The body of a small girl, perhaps three years old, lay on a patterned blanket close to that of a woman at the entrance to the open-air fruit and vegetable market in Kosovo Mitrovica, north of Pristina. Policemen, the investigating judge and international ceasefire monitors trampled the greens scattered on the blood-stained ground, kicking lemons, onions, apples and oranges aside, while trays of uncracked brown eggs sat on tables above the victims.
Another body, that of another woman, lay a little further in, while on the pavement police had chalked an outline around a large pool of blood and fragments of blue metal scattered over the road - apparently the remnants of a bomb. In the town of Podujevo, further east, another two people were killed and 28 wounded in two explosions close to the town centre. A third person was shot dead in a separate incident.
"We heard about the [Podujevo] bomb on the news, but we didn't think it could happen here," Farosh, a Mitrovica market trader, said bitterly. "It happened so fast - there was a big panic." Another stall-holder, 16- year-old Agran, was selling fruit at the time of the blast. "There were many people without hands and legs," he said. "I know some of the wounded - most were market traders."
Another youth was standing beyond the police cordon searching for his mother and 15-year-old sister who left home around 45 minutes before the explosion to shop at the market. "They are still not home, so I'm afraid they were wounded," he said, explaining that as an ethnic Albanian he was too frightened to go through a Serb police checkpoint and head for the hospital in search of news.
Ambulances from the bombing roared along the main road south to Pristina, past a ridgeline wreathed in smoke from villages put to the torch yesterday afternoon. In the distance Yugoslav shells crashed and by nightfall, the hillside was burning brightly.
The situation in Kosovo, "is getting more dangerous", according to Major- General John Drewienkiewicz, the British chief of operations for the Kosovo Verification Mission. Day after day his monitors report skirmishes, find bodies and count refugees fleeing the fighting, partly because Serbs and Albanians live within spitting distance and neither will turn a cheek to any provocation. "It's been getting generally worse, and it's hugely volatile," the general said in an interview last week. "If you slop the petrol all over the floor, eventually someone comes in a stubs their cigarette out in it."
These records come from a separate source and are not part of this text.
lemma BS_run_first_phase_ends_with_D1: "C1 n1 = D 1"
proof (rule card_subset_eq[OF finite_D(1)])
  show "C1 n1 \<subseteq> D 1"
    using BS_run_first_phase(1)[of n1] n1_pos by simp
  show "card (C1 n1) = n1"
    using BS_run_subset_card(2)[OF run finite_DD] n2_pos card_DD by simp
qed

lemma dw_first_phase:
  assumes "1 \<le> r" and "r \<le> n1"
  shows "dw (C1 r) (DD - C1 r) = split_value r r"
proof -
  have "card (C1 r) = r"
    using BS_run_subset_card(2)[OF run finite_DD] assms(2) n2_pos card_DD by simp
  with assms show ?thesis
    using dw_subset_D1[OF BS_run_first_phase(1)[OF assms]] by fastforce
qed

lemma dw_second_phase:
  assumes "n1 \<le> r" and "r < card DD"
  shows "dw (C1 r) (DD - C1 r) = split_value n1 r"
proof -
  have "D 1 \<subseteq> C1 r"
    using BS_run_mono[OF run assms] BS_run_first_phase_ends_with_D1 by simp
  moreover have "C1 r \<subseteq> DD" and "card (C1 r) = r"
    using BS_run_subset_card[OF run finite_DD assms(2)] by simp_all
  moreover have "C1 r \<noteq> DD"
    using \<open>card (C1 r) = r\<close> assms(2) by auto
  ultimately show ?thesis
    using dw_superset_D1 by simp
qed

lemma dw_strict_mono_first_phase:
  assumes "r \<in> {1..n1}" and "r' \<in> {1..n1}" and "r < r'"
  shows "dw (C1 r) (DD - C1 r) < dw (C1 r') (DD - C1 r')"
proof -
  have r: "1 \<le> r" "r \<le> n1" and r': "1 \<le> r'" "r' \<le> n1"
    using assms(1,2) by simp_all
  have "real r' < N"
    using r'(2) n2_pos by (simp add: N_eq)
  then have "split_value r r < split_value r' r'"
    using r(1) assms(3) by (intro split_value_diag_strict_mono) simp_all
  then show ?thesis
    unfolding dw_first_phase[OF r] dw_first_phase[OF r'] .
qed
But who will get burnt - apart from the obvious victims, the terrified civilians? Soldiers from both sides put their lives on the line - a role the Kosovo Liberation Army (KLA) rebels seem to adopt more happily than the Yugoslav conscripts. Analysts say that mobilisation rates have fallen below 30 per cent in Serbia, with most simply refusing to report for duty. "Here everybody is sick and tired of war and fighting," said Bratislav Grubacic, publisher of the independent VIP daily newsletter in Belgrade. Serbs have been dealing with the consequences of conflict for eight years now.
Albanian negotiators leaving for Paris refused to say whether they would sign a peace agreement, although Western diplomats are optimistic, and Serbia continued to insist that it would not allow Nato peacekeepers in its turbulent province. The conventional wisdom in Belgrade is that President Slobodan Milosevic will concede in the end. But despite the West's insistence that these talks should not suffer the receding deadlines of Rambouillet, few think that the end is nigh.
Mr Milosevic and his allies, "certainly don't believe in these Nato threats," said Mr Grubacic. The same could be said for some in the KLA.Rebel commanders meeting at a secret location were said to be divided over disarmament, which could leave Albanian villagers vulnerable to future attack.
Although 15 March was presented as a final deadline for signing the two-part Rambouillet deal, diplomats now say the talks could be extended for another seven days. President Milosevic will be keen to use the time to exploit any chinks in the international community's position. "He could use very well the mistakes of others,"said Dusan Janjic, director of the Belgrade-based Forum for Ethnic Relations. But, in the end, "I think finally he will accept some kind of agreement - an international presence, limited, in Kosovo."
The question is whether the deal will require the catalyst of Nato air strikes, and how many more will die in Kosovo before an agreement is struck. "We can only lose Kosovo by war, which might be a solution," said Mr Grubacic, adding that he meant war with Nato, not the KLA.